Try it
Only a number is wanted here: the count of lines in the entries below that include the word "True".

Material for this task below:

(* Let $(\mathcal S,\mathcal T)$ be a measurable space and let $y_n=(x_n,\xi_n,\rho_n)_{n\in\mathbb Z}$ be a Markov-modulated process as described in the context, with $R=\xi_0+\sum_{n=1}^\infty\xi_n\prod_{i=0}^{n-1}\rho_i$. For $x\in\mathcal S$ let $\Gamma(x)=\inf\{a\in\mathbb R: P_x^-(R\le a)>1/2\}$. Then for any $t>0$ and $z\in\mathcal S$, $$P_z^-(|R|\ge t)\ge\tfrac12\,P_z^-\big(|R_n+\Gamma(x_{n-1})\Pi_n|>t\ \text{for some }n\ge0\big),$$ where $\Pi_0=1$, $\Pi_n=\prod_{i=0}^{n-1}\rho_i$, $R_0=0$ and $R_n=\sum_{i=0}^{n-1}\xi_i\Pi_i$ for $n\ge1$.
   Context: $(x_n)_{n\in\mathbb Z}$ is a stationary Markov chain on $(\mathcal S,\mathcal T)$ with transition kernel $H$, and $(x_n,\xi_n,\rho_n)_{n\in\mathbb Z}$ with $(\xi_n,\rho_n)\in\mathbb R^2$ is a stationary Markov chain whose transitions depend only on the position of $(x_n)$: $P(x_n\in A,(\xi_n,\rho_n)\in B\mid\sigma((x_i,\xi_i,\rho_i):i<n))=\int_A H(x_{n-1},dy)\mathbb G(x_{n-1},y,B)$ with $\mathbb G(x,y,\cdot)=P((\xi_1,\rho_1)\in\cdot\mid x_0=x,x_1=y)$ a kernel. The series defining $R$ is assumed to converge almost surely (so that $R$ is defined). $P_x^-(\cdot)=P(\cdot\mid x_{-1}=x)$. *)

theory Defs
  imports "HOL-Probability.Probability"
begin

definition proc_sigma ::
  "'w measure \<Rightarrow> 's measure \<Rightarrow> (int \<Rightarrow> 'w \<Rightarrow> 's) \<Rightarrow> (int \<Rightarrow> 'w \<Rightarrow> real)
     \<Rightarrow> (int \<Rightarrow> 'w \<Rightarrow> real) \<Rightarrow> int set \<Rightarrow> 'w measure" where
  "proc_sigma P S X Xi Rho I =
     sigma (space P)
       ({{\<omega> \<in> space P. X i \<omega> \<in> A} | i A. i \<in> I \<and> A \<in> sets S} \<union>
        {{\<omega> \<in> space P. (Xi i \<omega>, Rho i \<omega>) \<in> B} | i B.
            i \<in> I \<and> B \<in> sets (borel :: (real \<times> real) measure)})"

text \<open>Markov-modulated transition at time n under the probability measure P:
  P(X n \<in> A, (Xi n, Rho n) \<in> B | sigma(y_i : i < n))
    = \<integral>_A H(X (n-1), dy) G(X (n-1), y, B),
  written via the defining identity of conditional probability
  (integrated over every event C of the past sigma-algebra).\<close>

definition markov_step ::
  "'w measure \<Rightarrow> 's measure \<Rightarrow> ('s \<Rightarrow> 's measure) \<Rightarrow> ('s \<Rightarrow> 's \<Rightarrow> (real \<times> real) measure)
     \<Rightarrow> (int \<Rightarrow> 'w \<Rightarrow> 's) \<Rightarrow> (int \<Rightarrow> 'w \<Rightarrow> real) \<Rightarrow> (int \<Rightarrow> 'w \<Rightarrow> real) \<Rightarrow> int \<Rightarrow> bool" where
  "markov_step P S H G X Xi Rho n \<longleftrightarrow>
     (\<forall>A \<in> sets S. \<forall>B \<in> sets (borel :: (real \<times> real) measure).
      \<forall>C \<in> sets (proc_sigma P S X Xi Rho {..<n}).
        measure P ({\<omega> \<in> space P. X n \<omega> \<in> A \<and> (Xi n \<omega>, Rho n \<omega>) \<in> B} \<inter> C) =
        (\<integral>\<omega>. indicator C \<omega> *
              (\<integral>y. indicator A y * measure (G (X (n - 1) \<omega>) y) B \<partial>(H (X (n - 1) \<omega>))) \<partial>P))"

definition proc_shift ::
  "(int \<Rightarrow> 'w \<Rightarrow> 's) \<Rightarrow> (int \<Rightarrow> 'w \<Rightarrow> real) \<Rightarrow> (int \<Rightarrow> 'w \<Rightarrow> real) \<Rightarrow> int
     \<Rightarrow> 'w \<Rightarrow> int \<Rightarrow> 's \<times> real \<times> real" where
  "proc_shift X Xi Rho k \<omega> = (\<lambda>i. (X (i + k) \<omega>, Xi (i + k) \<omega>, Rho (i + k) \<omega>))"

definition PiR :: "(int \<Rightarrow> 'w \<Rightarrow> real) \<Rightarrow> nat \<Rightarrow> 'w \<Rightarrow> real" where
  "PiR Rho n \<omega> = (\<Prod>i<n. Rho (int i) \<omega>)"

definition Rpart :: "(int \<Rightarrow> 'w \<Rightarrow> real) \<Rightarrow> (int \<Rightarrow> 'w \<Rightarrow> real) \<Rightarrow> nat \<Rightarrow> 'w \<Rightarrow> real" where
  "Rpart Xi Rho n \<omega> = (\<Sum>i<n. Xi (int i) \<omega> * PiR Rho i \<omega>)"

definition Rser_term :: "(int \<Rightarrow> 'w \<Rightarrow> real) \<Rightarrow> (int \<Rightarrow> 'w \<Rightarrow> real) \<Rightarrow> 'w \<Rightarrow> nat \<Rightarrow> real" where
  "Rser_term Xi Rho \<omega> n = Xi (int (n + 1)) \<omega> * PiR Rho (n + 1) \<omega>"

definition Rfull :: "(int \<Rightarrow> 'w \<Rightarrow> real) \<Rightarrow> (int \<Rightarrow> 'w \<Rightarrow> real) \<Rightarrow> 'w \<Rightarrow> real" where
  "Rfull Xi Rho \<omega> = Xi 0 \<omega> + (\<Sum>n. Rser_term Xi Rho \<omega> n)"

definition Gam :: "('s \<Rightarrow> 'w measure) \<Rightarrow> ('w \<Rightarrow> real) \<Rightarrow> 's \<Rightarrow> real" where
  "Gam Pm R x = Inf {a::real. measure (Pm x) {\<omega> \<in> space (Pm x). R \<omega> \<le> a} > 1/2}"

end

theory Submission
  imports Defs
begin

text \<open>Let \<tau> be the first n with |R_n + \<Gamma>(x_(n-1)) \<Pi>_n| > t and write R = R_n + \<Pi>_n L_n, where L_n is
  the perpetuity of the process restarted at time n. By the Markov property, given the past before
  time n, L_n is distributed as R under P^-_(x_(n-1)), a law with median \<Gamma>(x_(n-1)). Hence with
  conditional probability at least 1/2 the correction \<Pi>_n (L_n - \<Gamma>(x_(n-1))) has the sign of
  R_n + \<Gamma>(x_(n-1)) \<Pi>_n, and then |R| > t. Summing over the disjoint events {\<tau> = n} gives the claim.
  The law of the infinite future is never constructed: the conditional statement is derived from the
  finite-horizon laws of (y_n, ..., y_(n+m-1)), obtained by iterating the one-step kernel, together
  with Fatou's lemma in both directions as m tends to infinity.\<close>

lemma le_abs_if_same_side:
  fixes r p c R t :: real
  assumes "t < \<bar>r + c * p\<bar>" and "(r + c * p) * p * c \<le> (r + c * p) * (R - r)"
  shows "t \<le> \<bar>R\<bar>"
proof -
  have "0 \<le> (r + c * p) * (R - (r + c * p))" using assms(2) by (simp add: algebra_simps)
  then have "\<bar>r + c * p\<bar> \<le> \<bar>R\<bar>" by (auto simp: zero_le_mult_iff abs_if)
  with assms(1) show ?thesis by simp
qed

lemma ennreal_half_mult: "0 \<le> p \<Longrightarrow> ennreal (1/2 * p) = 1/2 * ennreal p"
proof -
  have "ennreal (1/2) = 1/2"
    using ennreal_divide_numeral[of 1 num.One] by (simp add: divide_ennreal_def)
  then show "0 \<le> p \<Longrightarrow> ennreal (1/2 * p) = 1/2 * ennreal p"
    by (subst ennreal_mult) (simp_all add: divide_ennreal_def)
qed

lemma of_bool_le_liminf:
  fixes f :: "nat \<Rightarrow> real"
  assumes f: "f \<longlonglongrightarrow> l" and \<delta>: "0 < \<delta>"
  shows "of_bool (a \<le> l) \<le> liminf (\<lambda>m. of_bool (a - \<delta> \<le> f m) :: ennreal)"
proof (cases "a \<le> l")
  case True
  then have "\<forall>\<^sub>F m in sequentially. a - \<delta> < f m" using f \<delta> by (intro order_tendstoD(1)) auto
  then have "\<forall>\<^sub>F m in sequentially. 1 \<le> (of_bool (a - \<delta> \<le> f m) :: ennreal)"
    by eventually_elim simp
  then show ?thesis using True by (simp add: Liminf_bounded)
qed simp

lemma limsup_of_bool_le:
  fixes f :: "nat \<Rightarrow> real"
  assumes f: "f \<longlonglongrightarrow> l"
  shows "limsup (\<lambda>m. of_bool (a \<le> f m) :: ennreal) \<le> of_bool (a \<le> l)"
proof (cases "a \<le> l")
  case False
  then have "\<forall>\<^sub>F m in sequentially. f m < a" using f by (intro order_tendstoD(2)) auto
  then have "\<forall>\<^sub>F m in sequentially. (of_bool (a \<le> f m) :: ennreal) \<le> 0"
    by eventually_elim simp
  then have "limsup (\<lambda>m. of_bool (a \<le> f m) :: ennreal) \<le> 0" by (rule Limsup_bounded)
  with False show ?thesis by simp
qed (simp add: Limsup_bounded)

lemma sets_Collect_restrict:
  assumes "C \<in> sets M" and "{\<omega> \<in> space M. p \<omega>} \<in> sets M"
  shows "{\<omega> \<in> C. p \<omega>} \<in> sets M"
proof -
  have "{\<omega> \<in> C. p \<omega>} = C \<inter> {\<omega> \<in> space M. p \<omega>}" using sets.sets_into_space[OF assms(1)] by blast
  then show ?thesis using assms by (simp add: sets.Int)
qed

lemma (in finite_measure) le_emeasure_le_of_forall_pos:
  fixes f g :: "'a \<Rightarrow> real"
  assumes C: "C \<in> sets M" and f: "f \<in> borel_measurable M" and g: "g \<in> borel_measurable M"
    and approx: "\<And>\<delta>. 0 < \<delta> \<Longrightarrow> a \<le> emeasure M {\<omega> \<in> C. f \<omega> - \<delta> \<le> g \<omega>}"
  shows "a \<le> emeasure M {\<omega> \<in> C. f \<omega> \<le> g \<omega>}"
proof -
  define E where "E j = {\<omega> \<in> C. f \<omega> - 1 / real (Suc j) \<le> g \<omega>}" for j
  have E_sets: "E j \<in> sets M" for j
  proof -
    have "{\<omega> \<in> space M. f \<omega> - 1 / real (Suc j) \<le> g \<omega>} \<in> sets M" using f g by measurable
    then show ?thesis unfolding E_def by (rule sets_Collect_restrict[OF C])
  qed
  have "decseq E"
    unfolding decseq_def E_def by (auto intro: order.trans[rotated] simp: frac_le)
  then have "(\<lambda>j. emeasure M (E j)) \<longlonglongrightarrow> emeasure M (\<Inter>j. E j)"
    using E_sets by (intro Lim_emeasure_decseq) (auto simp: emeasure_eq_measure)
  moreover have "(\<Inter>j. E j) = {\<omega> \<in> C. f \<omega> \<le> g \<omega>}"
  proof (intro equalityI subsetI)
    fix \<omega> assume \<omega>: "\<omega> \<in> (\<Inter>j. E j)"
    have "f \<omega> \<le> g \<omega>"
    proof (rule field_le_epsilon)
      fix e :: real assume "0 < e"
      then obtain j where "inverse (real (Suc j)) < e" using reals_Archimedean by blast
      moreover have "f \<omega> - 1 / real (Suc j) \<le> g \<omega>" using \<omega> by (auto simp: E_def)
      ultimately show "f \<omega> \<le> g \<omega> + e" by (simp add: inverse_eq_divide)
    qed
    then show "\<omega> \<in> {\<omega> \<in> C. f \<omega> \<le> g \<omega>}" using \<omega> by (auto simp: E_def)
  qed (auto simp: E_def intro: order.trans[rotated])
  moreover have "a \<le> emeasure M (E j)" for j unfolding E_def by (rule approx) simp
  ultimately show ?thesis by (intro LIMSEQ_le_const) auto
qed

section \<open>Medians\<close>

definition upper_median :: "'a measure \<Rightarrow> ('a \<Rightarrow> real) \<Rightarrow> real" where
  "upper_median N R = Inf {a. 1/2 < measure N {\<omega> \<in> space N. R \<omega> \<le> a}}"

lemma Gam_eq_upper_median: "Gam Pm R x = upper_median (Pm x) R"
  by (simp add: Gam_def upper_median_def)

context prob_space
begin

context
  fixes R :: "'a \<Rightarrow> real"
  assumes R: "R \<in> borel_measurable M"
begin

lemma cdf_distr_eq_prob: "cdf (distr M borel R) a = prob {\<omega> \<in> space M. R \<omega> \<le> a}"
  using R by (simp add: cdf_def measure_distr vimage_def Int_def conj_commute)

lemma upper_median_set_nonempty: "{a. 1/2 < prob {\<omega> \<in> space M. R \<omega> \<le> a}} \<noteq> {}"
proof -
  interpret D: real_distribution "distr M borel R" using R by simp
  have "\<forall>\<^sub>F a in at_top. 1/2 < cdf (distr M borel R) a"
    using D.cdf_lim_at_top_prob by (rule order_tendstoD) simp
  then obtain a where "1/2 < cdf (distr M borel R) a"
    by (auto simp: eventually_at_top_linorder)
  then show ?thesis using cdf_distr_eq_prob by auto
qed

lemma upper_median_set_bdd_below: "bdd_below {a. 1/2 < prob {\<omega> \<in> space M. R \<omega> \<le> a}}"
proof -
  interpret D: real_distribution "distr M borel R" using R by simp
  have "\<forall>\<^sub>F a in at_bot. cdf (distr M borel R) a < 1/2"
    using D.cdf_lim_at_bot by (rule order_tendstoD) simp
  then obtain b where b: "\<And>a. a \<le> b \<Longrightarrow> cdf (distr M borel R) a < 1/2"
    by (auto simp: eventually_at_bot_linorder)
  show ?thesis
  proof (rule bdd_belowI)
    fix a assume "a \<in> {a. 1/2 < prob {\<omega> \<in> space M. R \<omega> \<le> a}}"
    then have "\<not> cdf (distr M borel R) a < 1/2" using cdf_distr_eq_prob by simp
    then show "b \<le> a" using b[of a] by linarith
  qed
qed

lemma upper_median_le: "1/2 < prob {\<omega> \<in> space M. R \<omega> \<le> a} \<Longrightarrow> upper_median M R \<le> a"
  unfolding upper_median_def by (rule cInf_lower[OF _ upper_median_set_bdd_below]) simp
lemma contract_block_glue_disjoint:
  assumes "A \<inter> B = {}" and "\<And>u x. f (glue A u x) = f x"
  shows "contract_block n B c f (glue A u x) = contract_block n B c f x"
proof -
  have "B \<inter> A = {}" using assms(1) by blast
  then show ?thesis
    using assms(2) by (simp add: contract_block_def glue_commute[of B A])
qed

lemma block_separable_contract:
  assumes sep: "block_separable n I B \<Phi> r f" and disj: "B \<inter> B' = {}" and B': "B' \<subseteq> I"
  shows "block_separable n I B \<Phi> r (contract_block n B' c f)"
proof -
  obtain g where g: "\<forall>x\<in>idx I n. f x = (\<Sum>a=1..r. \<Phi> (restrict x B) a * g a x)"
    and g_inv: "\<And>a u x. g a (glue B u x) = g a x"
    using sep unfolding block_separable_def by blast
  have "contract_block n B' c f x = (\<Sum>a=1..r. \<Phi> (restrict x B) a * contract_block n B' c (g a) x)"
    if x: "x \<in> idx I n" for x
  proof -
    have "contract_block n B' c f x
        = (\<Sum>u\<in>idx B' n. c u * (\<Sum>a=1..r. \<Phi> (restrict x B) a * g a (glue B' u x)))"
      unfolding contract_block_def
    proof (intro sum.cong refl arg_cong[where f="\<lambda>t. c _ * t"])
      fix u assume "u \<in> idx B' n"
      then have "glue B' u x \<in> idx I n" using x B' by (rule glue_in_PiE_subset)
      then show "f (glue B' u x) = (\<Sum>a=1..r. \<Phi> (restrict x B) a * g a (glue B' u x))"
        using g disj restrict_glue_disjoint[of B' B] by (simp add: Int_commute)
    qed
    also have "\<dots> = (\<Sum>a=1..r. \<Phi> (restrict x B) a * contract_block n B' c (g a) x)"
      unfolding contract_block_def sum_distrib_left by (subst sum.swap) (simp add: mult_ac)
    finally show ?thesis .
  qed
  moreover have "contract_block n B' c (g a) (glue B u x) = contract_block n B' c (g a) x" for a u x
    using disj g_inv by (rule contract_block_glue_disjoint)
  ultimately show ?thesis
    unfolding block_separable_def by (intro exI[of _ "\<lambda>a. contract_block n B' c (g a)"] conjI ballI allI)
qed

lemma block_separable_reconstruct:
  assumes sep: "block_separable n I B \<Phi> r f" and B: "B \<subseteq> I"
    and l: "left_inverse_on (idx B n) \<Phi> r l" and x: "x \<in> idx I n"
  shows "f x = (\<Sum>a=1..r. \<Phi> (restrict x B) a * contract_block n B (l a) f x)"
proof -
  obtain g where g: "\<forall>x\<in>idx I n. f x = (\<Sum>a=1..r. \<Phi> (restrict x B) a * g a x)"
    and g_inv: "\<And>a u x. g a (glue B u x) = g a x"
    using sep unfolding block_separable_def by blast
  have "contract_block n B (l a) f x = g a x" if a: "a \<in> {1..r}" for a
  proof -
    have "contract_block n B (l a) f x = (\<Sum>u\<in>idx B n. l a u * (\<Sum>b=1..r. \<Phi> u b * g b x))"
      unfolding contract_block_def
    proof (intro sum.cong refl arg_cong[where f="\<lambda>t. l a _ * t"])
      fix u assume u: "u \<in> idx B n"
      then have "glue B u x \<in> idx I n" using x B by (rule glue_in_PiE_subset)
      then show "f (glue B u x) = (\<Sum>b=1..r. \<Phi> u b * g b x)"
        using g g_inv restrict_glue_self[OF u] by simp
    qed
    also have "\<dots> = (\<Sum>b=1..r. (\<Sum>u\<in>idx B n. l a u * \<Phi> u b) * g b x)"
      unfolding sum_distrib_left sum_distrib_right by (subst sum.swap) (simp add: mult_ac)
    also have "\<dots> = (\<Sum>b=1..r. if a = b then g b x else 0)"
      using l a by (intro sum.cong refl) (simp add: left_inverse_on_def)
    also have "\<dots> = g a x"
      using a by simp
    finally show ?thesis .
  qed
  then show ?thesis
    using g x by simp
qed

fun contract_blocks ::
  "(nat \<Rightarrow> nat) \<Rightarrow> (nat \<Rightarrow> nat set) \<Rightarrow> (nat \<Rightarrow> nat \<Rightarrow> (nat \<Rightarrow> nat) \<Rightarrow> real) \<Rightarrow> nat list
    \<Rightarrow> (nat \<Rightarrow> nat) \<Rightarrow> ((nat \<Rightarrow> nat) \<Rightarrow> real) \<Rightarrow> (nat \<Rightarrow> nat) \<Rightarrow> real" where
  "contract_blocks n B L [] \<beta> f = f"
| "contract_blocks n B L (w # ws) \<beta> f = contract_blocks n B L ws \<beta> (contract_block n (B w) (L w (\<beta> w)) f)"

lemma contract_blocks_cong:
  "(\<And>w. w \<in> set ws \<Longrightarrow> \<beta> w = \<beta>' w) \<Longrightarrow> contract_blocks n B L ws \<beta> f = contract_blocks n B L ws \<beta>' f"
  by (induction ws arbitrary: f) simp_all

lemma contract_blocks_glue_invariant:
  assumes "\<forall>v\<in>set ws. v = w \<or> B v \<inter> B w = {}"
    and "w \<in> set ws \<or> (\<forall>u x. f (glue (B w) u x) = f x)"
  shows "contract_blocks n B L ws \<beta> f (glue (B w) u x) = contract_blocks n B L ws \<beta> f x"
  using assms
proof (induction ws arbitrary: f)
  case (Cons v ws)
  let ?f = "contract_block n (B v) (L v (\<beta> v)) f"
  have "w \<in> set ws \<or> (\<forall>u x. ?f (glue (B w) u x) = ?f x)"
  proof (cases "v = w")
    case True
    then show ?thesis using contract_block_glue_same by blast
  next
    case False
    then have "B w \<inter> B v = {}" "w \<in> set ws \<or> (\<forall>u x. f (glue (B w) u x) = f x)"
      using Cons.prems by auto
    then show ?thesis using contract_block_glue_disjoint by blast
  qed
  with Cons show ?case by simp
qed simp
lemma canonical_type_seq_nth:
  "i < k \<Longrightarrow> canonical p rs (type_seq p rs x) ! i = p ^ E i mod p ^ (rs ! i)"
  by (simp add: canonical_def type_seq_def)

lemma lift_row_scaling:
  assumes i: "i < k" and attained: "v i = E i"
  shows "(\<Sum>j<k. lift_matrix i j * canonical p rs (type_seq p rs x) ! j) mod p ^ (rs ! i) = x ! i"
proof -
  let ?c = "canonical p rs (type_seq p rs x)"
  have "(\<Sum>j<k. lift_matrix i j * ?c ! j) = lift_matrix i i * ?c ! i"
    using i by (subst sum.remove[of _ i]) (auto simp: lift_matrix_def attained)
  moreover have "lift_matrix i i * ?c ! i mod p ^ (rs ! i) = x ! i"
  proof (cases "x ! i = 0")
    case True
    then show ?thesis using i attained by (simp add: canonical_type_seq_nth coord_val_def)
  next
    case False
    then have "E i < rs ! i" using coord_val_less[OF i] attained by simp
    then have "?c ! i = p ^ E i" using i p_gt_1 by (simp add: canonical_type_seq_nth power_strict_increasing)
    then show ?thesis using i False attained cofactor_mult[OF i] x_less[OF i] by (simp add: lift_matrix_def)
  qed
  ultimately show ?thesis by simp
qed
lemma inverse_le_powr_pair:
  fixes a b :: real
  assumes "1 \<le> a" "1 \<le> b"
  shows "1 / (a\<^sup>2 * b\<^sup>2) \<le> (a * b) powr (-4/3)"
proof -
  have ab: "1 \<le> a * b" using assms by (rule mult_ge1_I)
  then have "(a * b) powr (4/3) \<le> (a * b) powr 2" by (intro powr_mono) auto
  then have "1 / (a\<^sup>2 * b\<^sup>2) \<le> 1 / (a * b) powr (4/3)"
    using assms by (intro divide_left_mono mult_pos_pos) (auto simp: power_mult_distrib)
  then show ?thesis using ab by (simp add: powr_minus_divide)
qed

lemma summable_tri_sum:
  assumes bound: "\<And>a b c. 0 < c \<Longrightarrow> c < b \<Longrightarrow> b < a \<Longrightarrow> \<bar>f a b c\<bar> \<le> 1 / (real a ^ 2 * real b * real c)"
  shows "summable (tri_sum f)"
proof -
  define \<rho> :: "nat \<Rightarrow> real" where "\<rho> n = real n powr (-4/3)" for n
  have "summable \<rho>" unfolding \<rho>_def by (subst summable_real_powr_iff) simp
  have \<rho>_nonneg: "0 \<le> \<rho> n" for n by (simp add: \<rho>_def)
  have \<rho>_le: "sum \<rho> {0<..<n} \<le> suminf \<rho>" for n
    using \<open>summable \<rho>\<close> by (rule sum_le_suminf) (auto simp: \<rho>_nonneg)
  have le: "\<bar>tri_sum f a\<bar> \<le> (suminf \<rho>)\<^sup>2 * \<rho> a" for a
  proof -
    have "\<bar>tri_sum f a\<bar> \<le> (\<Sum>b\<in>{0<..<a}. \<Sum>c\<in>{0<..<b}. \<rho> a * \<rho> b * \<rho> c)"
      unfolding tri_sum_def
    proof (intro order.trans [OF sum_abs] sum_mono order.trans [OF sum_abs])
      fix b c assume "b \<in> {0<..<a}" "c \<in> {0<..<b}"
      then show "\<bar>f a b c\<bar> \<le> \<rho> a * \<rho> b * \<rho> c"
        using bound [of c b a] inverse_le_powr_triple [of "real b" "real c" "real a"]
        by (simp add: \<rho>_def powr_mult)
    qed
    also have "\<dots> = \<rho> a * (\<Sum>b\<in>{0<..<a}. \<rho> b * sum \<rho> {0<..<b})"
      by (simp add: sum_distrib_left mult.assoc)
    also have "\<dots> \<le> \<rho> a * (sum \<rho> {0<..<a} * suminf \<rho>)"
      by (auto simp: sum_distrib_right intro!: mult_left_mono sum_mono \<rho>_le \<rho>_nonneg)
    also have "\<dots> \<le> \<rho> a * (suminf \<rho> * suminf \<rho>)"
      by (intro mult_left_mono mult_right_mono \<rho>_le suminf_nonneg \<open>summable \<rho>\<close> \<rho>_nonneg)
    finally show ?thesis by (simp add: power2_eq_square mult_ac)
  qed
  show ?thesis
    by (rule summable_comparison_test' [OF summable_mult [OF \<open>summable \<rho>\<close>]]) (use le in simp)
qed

End of Material for this task.

Solution below
4